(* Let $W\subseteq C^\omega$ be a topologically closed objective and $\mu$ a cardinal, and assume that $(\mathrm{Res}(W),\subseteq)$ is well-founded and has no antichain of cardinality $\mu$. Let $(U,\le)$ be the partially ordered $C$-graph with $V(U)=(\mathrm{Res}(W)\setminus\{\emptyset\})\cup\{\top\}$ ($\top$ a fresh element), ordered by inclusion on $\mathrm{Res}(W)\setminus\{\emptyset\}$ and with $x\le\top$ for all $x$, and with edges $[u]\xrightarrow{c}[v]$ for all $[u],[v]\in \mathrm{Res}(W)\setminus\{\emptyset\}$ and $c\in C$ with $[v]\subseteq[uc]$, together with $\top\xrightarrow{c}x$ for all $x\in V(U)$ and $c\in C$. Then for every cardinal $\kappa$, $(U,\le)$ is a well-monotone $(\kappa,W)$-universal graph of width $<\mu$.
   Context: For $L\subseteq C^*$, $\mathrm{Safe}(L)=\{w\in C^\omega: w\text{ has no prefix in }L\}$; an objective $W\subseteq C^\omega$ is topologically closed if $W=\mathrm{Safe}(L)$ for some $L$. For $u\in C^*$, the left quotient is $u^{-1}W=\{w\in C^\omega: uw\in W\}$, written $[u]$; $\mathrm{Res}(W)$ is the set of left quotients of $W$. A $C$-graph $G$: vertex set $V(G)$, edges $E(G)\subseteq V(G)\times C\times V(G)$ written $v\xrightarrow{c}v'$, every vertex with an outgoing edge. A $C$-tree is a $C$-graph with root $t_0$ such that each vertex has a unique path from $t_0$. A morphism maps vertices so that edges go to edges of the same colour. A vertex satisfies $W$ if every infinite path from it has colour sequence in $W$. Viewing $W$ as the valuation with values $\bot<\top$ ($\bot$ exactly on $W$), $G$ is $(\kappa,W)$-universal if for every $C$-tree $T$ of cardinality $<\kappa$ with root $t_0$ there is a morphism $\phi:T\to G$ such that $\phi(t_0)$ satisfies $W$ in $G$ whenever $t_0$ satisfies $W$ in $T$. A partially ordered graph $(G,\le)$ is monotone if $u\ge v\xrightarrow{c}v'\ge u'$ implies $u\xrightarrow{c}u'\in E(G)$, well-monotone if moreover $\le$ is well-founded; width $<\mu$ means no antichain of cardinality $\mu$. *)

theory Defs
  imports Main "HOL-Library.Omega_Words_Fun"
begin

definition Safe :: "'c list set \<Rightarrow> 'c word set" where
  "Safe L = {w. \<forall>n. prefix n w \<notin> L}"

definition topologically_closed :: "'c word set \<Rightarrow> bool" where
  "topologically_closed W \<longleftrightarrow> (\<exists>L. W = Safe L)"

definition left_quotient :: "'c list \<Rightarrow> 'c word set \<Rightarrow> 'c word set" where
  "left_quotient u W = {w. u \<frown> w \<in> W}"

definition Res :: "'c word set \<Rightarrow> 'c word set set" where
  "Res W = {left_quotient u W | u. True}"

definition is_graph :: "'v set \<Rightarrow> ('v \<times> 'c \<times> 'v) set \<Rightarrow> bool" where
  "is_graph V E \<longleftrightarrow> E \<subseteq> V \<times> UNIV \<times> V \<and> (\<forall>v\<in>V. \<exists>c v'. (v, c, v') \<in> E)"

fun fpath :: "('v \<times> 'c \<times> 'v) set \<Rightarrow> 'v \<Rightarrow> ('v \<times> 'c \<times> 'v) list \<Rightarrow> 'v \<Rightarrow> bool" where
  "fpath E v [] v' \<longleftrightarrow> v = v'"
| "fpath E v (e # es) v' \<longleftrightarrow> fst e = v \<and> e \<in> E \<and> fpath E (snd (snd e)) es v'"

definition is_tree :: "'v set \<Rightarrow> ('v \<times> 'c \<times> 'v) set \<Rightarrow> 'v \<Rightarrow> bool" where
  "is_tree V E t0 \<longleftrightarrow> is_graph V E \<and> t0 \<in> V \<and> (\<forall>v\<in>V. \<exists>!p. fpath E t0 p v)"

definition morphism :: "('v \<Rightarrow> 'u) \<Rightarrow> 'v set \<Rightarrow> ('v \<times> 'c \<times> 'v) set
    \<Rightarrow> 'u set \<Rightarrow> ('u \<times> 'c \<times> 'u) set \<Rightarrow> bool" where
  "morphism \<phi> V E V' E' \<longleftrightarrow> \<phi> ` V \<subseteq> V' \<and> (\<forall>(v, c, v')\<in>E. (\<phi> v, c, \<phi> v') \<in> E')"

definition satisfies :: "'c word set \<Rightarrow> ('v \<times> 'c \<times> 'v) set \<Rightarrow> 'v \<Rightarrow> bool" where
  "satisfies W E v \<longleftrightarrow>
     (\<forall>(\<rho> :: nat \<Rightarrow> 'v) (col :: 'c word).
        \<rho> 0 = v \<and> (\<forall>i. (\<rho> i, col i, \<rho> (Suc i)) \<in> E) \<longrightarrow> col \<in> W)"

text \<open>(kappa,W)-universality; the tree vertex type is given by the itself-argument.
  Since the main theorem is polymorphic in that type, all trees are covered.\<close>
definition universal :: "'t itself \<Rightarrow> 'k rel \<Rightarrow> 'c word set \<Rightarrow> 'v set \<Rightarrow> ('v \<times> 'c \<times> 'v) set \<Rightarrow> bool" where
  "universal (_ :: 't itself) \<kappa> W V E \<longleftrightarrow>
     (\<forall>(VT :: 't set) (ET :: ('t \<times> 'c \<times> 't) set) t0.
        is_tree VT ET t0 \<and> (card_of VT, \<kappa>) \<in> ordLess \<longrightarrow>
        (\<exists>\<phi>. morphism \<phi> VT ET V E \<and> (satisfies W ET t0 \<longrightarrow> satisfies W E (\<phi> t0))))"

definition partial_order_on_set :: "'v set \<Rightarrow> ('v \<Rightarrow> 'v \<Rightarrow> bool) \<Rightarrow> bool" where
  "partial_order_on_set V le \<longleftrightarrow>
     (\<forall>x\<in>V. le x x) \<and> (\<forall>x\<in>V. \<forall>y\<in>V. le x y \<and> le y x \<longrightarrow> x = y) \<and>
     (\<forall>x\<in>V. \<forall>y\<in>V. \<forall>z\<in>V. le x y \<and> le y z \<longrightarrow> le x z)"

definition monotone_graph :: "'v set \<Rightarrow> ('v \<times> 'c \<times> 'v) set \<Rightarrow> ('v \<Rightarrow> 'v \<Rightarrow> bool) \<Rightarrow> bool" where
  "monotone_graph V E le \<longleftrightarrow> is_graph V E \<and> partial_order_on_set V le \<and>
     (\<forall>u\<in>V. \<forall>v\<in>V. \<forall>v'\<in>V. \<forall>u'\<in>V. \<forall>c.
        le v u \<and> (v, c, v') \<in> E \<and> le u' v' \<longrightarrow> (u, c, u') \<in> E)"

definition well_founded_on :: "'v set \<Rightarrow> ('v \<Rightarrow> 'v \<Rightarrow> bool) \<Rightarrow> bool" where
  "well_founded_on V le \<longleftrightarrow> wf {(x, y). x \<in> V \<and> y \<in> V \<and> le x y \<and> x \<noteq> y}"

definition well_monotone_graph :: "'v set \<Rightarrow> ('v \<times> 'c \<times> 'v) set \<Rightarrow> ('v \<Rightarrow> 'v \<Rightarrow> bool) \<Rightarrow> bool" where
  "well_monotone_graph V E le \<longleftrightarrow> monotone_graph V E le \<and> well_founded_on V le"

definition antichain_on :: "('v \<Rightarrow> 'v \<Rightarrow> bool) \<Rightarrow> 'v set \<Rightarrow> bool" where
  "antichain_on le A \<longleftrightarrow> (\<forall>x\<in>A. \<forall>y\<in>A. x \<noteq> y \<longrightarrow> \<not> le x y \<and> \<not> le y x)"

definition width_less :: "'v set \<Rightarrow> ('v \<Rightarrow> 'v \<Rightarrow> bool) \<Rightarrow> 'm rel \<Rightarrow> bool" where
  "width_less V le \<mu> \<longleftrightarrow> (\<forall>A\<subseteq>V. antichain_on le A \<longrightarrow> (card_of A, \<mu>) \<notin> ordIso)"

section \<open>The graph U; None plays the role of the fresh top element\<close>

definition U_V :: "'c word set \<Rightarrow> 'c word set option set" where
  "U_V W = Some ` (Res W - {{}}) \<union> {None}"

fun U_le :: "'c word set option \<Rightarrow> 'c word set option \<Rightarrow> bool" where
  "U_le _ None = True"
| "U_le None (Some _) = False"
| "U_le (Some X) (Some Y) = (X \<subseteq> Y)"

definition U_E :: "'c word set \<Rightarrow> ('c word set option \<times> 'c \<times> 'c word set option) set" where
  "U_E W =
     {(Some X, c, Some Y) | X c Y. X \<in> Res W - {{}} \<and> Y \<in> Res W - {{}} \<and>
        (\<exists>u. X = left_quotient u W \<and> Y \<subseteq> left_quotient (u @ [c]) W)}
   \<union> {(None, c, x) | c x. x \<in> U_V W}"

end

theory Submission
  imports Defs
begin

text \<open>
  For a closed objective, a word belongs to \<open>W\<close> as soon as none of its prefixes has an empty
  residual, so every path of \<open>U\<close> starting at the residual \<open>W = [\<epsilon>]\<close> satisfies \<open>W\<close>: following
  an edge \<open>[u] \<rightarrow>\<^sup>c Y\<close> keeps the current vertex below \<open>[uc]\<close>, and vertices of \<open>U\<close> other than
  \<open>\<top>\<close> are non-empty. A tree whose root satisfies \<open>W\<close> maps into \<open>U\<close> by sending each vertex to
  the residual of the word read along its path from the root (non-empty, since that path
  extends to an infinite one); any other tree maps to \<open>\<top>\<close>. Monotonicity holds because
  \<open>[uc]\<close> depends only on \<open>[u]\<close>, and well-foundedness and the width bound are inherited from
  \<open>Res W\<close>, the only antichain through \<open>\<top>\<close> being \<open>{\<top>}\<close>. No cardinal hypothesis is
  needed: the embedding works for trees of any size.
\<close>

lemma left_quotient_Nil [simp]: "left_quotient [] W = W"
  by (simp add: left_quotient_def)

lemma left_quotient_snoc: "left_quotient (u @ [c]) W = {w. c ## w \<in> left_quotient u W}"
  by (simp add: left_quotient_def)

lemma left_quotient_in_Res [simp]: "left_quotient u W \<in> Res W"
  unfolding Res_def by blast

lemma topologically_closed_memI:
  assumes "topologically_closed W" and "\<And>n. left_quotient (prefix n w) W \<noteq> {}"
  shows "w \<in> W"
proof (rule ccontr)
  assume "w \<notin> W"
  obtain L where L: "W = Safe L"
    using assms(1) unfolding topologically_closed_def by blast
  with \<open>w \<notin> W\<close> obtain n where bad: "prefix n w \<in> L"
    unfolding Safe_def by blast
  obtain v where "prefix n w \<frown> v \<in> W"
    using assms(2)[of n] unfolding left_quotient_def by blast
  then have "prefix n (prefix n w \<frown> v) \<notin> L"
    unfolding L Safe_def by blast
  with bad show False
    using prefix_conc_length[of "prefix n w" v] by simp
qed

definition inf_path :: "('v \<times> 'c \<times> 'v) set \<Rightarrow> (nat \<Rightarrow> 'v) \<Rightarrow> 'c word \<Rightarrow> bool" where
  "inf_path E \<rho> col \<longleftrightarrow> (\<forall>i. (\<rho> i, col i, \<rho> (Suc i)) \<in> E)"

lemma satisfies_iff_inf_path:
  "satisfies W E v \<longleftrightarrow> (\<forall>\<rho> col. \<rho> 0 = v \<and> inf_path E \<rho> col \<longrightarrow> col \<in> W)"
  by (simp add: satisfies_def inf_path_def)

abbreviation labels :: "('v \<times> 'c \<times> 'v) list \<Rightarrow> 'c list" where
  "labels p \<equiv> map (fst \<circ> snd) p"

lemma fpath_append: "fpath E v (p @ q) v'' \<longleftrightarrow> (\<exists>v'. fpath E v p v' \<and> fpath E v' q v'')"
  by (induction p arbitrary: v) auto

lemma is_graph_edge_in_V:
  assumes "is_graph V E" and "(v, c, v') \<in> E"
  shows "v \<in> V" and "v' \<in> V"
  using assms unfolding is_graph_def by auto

-*-*-

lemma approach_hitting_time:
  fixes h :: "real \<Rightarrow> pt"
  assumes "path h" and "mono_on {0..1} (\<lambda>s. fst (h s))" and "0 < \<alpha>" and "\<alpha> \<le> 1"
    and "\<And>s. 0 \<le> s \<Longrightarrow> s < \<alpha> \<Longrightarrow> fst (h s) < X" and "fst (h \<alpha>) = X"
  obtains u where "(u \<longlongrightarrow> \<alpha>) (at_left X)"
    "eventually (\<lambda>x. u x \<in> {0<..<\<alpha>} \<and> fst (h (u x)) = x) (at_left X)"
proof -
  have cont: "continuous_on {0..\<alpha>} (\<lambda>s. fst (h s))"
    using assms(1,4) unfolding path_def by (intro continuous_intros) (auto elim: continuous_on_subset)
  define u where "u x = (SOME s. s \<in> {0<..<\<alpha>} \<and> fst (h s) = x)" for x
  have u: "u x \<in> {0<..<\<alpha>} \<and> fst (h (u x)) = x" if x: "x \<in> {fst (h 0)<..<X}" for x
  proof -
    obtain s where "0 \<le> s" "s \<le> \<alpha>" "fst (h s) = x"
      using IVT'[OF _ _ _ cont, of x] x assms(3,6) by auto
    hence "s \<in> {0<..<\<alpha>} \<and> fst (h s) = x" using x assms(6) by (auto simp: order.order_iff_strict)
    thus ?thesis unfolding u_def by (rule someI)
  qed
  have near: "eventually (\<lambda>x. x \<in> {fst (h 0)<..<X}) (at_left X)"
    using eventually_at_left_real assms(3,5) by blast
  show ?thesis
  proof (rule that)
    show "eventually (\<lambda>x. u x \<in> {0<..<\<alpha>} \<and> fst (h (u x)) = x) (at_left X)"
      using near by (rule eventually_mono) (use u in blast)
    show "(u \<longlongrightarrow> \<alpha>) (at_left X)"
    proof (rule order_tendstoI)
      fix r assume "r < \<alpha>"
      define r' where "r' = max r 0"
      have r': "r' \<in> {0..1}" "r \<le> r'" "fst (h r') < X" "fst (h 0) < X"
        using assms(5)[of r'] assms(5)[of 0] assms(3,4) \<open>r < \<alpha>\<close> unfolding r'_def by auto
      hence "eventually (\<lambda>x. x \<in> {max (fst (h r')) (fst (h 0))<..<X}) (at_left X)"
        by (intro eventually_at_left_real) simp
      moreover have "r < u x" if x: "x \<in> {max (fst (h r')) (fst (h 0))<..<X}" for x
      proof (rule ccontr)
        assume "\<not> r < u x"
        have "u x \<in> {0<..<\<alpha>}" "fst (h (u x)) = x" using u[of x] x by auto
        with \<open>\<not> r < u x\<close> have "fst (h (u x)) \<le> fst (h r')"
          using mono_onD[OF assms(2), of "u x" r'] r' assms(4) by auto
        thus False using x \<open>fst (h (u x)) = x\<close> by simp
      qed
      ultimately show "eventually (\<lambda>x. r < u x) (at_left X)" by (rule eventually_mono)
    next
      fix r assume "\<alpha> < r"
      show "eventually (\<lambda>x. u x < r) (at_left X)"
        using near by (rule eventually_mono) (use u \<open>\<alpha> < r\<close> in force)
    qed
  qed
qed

-*-*-

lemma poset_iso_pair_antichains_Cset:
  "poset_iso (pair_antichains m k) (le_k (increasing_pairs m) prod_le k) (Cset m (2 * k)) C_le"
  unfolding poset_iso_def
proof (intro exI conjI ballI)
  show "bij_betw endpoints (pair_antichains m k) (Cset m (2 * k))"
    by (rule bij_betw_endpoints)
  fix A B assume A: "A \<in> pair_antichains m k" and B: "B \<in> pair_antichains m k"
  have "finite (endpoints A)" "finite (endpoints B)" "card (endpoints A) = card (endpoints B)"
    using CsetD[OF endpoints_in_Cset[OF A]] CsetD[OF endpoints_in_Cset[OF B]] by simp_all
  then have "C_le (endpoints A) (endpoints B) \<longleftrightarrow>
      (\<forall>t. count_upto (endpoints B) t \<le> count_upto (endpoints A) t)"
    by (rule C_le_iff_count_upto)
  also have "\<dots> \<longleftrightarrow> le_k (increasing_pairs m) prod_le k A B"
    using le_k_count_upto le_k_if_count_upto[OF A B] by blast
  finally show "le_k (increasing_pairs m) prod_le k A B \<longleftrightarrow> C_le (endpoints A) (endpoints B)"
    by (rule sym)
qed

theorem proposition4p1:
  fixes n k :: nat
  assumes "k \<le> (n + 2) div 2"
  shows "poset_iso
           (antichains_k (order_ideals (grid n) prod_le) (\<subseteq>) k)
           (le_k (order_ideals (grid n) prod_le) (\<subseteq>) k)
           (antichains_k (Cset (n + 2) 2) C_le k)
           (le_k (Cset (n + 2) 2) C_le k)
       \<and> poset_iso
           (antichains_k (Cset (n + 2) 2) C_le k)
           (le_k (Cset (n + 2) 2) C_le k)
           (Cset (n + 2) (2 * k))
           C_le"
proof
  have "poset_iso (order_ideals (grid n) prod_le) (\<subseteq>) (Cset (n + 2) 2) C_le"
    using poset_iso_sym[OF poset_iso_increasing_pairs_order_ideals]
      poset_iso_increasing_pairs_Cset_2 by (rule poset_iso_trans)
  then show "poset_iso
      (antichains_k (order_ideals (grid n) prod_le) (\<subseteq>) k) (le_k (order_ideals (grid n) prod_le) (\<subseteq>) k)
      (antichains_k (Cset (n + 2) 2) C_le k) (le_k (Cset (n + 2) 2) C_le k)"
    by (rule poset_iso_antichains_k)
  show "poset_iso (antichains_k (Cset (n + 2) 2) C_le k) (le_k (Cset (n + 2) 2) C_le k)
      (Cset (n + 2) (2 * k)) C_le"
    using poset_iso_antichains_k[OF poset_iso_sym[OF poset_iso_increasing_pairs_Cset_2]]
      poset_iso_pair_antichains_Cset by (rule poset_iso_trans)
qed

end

-*-*-

_What you have to do_
Using the material above, filter for lines holding "lambda" and copy each one.

_Task solution_
  assumes "path h" and "mono_on {0..1} (\<lambda>s. fst (h s))" and "0 < \<alpha>" and "\<alpha> \<le> 1"
    "eventually (\<lambda>x. u x \<in> {0<..<\<alpha>} \<and> fst (h (u x)) = x) (at_left X)"
  have cont: "continuous_on {0..\<alpha>} (\<lambda>s. fst (h s))"
  have near: "eventually (\<lambda>x. x \<in> {fst (h 0)<..<X}) (at_left X)"
    show "eventually (\<lambda>x. u x \<in> {0<..<\<alpha>} \<and> fst (h (u x)) = x) (at_left X)"
      hence "eventually (\<lambda>x. x \<in> {max (fst (h r')) (fst (h 0))<..<X}) (at_left X)"
      ultimately show "eventually (\<lambda>x. r < u x) (at_left X)" by (rule eventually_mono)
      show "eventually (\<lambda>x. u x < r) (at_left X)"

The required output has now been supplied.